• _Requirement_: Filter the entries that follow, copying every line in which the word "auto" appears.

[[ Extracted information open ]]

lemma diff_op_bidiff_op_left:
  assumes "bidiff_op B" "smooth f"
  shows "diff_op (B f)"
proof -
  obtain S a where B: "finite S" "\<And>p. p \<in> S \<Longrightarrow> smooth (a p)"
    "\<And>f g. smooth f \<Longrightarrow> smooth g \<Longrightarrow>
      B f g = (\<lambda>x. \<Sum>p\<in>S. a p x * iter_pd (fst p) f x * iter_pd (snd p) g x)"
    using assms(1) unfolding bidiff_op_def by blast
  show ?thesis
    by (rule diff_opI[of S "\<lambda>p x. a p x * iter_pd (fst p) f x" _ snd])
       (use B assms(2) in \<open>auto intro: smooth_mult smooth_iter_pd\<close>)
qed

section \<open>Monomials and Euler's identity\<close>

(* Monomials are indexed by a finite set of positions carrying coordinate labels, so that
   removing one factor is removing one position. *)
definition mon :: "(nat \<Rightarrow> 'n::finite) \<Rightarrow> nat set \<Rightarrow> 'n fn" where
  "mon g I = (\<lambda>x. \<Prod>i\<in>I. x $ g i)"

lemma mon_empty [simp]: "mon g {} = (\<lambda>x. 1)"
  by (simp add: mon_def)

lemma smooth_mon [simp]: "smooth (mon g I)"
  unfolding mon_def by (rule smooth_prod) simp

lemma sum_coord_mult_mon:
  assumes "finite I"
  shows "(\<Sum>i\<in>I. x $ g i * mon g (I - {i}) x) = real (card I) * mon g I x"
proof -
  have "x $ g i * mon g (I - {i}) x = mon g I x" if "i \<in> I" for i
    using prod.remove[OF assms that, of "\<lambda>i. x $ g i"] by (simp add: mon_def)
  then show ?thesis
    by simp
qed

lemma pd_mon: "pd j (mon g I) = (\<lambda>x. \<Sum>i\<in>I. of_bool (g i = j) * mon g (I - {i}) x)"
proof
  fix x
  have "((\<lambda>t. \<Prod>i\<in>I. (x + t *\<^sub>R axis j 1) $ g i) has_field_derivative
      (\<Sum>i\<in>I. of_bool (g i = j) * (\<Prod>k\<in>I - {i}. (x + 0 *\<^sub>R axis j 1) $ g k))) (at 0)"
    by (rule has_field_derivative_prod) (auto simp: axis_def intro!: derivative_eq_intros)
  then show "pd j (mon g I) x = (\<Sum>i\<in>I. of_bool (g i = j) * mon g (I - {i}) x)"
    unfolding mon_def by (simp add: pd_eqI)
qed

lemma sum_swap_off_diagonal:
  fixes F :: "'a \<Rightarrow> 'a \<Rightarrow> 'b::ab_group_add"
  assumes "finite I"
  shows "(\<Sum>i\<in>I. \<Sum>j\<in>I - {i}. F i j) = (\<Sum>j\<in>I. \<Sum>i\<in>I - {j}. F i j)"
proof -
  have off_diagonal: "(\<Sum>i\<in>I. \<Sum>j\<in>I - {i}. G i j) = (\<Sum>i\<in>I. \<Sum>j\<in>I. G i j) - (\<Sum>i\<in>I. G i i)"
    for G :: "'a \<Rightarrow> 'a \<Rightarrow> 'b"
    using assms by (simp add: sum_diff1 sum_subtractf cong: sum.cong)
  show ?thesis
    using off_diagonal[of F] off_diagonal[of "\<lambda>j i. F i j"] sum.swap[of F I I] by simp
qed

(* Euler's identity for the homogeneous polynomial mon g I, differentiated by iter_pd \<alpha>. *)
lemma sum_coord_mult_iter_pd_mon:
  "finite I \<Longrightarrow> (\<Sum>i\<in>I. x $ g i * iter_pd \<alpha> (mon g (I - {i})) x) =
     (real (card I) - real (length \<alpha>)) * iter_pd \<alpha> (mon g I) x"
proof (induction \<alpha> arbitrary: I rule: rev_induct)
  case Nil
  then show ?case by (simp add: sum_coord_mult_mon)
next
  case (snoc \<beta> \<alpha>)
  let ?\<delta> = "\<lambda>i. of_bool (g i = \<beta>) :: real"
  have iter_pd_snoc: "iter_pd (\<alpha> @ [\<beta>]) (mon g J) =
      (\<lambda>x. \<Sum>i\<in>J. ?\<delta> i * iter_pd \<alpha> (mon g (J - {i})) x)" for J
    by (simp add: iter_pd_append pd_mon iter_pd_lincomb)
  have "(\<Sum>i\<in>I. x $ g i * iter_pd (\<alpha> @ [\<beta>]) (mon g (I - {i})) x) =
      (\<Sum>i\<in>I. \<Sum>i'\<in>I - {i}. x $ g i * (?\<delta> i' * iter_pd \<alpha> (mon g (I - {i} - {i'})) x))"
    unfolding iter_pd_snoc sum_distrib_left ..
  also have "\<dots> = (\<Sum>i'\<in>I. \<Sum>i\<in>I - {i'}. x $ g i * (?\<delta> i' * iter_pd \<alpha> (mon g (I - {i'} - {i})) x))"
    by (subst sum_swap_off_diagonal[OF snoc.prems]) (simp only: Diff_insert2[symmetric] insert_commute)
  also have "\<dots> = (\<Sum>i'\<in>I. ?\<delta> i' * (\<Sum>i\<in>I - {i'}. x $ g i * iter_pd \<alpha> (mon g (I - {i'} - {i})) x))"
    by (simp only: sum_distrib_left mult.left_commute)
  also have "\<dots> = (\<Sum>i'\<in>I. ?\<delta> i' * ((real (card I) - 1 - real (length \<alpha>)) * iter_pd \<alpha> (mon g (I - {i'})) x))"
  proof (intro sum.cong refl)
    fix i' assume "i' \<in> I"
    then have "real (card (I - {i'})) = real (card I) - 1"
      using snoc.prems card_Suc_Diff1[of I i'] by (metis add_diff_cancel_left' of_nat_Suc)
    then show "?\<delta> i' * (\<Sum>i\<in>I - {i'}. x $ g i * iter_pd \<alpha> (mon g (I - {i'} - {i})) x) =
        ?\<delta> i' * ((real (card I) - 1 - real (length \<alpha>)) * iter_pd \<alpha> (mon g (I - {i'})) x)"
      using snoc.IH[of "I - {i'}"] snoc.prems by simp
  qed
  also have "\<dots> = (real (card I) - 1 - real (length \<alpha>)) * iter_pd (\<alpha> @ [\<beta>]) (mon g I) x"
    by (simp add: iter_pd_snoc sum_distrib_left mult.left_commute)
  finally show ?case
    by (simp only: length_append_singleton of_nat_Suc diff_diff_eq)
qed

[[ Extracted information closed ]]
[[ Extracted information open ]]

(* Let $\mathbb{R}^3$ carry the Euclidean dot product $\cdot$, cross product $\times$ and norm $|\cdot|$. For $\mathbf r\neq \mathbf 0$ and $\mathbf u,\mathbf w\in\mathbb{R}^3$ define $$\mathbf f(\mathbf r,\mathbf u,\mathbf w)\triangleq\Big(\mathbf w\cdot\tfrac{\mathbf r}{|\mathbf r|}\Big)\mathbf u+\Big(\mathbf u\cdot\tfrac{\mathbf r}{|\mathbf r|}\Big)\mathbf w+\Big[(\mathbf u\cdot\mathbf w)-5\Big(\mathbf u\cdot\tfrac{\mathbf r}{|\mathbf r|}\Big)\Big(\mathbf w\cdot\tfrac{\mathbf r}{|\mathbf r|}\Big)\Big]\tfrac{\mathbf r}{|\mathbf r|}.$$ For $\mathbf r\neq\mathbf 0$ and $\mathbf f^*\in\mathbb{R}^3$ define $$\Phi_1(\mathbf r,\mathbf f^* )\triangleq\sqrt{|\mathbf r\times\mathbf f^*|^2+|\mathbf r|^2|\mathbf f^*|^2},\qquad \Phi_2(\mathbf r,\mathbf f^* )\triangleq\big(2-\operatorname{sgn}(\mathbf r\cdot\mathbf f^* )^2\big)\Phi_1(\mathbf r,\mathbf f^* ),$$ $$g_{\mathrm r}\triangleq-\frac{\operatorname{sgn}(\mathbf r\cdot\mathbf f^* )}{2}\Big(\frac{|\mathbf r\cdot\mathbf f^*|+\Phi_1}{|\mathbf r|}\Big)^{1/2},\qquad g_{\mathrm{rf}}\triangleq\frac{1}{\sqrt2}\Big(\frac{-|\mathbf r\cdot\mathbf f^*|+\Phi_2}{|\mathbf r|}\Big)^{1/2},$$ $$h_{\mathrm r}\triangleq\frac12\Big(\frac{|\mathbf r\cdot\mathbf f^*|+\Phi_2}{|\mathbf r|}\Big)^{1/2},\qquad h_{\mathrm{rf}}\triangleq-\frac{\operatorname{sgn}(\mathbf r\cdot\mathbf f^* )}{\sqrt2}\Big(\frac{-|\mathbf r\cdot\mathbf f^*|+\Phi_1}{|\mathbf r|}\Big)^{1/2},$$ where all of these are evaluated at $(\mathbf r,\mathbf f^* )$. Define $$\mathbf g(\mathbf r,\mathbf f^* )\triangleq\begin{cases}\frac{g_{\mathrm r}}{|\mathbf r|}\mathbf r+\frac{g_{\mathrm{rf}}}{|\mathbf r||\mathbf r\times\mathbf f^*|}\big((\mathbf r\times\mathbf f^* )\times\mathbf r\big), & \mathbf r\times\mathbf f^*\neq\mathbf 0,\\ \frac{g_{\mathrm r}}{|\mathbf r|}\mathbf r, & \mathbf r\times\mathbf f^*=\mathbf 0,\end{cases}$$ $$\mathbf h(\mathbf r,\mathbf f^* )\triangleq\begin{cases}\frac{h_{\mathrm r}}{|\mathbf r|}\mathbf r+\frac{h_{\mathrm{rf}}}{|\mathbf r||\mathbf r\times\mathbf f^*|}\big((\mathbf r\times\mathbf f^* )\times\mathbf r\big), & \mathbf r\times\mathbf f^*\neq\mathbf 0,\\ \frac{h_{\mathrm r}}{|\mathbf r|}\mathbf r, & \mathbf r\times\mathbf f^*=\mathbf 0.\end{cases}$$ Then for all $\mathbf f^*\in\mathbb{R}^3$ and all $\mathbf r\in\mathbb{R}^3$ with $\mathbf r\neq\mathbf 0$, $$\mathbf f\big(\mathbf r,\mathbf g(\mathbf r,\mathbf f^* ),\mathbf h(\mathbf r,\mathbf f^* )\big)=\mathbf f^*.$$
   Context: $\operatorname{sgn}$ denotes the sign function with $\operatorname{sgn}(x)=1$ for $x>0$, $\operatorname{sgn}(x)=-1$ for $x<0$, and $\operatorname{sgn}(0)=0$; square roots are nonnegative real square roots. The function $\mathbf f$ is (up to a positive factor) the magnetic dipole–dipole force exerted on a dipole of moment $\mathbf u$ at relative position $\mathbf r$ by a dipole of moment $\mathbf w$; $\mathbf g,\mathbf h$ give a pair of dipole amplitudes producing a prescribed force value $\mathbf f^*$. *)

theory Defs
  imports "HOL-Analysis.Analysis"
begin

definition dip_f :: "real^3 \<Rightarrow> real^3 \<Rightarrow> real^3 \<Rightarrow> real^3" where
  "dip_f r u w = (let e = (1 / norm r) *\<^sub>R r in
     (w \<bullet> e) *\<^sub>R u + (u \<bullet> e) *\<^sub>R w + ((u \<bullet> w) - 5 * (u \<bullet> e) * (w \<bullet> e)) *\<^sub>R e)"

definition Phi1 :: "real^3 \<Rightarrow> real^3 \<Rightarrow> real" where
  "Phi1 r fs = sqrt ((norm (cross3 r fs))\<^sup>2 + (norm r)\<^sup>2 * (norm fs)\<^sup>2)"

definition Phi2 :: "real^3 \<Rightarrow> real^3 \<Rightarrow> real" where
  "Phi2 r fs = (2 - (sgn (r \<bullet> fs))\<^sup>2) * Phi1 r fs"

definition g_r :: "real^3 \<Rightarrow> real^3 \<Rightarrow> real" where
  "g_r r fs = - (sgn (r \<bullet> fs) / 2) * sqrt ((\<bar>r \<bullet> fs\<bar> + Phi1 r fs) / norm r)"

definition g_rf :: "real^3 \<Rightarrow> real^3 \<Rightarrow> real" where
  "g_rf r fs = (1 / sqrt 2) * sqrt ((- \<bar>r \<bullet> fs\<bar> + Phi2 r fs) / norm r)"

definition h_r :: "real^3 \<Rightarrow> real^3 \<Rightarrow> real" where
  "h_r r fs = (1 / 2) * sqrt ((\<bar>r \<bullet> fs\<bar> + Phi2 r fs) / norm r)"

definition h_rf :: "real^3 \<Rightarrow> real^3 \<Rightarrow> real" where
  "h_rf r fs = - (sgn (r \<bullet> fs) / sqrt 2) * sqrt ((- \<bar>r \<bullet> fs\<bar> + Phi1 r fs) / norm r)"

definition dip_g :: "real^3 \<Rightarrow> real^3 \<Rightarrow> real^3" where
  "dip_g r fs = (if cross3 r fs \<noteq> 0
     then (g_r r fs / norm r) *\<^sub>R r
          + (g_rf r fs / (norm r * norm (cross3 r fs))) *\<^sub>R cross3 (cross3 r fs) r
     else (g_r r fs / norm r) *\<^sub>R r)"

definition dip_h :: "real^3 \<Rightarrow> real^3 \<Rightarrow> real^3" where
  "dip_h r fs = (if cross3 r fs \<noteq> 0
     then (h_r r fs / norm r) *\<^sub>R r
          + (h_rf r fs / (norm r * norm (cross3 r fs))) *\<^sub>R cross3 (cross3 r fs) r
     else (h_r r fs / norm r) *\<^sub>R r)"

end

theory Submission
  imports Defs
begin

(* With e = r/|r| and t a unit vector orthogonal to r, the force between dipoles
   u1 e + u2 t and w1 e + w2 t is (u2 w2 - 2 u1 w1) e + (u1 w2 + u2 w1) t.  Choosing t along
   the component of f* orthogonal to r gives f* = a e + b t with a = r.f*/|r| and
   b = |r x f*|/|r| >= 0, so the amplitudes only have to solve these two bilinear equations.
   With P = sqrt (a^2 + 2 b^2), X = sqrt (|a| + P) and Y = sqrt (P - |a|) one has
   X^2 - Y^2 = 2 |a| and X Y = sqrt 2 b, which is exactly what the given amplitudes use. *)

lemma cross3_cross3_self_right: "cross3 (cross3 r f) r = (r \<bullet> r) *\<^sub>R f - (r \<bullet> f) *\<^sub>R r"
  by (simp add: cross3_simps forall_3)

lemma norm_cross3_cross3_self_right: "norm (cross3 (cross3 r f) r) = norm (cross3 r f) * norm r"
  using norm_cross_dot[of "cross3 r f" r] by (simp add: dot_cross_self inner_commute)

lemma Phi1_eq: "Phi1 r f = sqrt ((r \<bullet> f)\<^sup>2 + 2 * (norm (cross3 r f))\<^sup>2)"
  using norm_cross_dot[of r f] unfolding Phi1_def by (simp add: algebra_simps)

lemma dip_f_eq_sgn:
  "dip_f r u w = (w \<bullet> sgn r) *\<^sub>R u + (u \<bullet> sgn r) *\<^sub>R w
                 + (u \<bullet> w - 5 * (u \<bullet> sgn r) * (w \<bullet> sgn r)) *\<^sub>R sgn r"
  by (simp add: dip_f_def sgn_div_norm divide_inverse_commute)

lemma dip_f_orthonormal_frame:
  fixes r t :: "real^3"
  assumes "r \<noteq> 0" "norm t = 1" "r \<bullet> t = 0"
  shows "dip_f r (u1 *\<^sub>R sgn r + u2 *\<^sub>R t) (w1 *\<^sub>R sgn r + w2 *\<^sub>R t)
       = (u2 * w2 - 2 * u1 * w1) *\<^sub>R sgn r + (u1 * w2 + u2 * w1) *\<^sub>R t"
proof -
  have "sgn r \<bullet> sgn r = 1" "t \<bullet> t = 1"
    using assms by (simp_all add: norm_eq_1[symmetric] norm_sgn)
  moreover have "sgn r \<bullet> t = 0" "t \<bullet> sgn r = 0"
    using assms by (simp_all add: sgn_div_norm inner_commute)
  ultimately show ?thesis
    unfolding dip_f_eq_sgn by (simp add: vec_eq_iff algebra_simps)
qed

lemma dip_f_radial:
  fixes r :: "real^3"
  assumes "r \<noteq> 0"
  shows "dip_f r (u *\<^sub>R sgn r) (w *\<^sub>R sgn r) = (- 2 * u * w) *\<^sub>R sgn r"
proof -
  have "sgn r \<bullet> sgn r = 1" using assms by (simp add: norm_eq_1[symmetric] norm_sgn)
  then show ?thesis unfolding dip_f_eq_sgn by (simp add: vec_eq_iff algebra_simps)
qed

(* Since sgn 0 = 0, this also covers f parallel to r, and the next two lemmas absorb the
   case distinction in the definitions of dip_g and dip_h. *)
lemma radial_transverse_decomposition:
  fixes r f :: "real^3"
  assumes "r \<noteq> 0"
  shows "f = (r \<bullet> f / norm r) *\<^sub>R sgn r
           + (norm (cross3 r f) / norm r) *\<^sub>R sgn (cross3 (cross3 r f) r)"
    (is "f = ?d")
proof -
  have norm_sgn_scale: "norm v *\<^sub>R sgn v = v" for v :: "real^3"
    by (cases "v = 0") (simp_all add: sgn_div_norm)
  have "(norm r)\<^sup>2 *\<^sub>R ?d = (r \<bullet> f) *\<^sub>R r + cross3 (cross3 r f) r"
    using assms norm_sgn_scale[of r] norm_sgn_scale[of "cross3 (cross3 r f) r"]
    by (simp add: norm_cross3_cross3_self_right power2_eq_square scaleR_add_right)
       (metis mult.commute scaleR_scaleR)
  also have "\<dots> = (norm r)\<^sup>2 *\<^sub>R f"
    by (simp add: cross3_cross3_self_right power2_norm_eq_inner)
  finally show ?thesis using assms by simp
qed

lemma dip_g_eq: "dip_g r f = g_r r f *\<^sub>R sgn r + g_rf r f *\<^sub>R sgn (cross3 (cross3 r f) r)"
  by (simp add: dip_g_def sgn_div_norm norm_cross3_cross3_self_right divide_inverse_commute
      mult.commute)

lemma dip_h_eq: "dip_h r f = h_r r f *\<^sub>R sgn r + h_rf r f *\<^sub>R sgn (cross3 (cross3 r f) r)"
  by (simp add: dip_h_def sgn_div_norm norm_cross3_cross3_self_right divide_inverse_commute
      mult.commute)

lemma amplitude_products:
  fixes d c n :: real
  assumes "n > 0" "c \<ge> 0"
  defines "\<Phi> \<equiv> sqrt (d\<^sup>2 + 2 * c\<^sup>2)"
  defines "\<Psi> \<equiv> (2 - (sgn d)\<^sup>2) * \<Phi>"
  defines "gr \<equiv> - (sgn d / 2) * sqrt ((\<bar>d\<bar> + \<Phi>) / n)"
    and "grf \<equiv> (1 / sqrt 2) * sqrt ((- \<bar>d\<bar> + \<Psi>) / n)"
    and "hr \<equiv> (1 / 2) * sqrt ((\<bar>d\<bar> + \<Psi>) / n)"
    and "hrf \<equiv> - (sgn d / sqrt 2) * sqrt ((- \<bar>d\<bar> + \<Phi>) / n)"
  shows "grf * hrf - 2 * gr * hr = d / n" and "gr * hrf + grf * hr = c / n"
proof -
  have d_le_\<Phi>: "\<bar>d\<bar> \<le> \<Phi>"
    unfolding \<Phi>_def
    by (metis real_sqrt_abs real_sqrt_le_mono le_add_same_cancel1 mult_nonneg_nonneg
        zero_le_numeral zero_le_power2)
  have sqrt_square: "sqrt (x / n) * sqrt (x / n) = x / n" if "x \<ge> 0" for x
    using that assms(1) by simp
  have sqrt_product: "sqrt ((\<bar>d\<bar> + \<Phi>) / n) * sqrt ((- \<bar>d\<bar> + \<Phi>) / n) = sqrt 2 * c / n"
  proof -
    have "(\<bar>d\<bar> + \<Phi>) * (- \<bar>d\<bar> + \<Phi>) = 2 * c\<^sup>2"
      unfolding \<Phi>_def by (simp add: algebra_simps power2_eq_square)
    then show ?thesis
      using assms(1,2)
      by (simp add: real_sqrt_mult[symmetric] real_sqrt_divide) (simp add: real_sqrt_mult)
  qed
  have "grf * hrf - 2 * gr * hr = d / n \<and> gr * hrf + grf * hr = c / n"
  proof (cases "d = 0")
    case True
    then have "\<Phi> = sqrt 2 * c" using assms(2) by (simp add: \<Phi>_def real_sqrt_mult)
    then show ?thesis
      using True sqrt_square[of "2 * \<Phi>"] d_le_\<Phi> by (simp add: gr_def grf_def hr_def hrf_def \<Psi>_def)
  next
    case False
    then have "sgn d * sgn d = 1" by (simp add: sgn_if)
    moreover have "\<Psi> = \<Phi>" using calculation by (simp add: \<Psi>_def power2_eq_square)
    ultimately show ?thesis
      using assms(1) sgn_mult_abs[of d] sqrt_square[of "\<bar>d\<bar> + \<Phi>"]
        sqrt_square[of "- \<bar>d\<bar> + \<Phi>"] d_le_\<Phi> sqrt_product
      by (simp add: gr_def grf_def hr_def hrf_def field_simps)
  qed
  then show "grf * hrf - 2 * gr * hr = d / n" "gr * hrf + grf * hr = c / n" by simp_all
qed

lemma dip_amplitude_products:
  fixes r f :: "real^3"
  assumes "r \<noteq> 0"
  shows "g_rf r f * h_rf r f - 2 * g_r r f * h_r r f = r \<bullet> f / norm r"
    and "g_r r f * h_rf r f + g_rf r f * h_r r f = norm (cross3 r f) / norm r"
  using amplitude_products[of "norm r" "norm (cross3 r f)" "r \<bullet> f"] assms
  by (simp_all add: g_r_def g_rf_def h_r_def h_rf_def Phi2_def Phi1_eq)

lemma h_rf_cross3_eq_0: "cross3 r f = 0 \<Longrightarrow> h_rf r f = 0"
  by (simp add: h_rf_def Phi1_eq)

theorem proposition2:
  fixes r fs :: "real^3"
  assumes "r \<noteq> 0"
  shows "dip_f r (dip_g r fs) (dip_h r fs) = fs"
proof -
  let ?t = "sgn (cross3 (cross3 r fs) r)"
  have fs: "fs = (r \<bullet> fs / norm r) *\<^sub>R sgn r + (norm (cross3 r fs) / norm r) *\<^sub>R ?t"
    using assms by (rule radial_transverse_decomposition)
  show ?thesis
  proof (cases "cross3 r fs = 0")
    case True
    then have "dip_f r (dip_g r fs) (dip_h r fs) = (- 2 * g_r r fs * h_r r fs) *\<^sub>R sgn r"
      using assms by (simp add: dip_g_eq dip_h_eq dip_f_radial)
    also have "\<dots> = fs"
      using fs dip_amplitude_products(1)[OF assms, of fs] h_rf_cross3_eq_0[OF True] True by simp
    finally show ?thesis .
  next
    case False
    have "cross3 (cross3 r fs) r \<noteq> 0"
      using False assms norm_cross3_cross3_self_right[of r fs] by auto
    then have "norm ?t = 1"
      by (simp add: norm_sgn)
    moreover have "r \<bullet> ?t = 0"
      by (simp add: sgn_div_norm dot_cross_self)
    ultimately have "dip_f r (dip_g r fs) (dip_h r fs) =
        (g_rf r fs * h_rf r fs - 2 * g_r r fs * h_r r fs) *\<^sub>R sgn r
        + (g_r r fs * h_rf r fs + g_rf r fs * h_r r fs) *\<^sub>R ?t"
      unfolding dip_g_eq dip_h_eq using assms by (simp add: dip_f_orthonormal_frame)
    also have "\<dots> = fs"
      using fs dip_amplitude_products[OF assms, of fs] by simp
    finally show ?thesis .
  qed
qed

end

[[ Extracted information closed ]]
[[ Extracted information open ]]

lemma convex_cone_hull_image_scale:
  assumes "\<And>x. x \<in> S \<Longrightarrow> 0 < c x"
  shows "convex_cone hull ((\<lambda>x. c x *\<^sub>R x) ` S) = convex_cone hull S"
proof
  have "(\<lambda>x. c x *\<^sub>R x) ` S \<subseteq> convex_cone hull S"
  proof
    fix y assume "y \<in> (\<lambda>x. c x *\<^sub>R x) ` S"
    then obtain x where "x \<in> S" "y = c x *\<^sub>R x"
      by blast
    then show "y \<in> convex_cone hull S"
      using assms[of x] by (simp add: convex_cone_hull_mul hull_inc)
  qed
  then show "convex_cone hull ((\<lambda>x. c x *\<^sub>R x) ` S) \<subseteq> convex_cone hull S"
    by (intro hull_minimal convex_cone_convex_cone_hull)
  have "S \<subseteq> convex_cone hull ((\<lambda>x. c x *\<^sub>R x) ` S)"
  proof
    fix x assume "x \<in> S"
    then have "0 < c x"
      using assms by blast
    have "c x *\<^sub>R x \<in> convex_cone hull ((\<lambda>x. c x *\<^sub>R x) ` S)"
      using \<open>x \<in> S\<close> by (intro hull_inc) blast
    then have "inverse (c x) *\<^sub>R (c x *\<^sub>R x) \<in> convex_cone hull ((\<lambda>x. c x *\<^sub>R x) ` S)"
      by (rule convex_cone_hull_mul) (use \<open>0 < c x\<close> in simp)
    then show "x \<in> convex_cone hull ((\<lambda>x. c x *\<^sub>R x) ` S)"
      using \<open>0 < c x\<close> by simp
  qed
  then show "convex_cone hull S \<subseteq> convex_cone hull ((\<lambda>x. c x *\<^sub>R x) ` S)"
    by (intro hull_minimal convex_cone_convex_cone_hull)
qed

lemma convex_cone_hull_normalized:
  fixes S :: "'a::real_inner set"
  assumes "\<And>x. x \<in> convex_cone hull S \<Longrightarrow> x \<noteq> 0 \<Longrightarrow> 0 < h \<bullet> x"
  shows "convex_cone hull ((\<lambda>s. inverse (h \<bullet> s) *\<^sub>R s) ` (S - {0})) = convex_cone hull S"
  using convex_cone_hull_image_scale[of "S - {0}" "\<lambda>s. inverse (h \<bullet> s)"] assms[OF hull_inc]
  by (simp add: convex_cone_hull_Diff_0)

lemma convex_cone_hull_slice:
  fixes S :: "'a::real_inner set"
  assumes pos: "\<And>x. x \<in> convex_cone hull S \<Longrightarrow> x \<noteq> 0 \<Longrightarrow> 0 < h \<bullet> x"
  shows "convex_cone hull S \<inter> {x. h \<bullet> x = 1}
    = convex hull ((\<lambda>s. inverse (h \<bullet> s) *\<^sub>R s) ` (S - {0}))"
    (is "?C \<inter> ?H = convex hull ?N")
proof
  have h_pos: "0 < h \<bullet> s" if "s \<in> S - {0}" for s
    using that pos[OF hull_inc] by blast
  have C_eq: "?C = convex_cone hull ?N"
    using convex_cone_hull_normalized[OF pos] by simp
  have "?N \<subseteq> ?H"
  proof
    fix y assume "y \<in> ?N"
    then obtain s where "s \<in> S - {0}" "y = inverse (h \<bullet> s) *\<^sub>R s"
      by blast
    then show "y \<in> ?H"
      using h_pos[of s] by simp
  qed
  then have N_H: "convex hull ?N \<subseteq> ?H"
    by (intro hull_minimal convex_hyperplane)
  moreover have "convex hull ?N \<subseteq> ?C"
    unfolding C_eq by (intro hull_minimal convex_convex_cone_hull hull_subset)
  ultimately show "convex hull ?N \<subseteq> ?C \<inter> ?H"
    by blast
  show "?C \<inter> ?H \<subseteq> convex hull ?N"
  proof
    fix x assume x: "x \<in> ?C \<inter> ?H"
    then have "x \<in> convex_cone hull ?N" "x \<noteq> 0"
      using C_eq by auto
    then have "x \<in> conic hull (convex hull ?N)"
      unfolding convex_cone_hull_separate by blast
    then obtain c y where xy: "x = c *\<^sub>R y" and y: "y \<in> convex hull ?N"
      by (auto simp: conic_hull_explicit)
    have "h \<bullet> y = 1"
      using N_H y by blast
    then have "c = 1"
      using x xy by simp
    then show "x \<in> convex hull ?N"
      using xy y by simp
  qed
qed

[[ Extracted information closed ]]

• _The answer_:
       (use B assms(2) in \<open>auto intro: smooth_mult smooth_iter_pd\<close>)
    by (rule has_field_derivative_prod) (auto simp: axis_def intro!: derivative_eq_intros)
      using False assms norm_cross3_cross3_self_right[of r fs] by auto
      using C_eq by auto
      by (auto simp: conic_hull_explicit)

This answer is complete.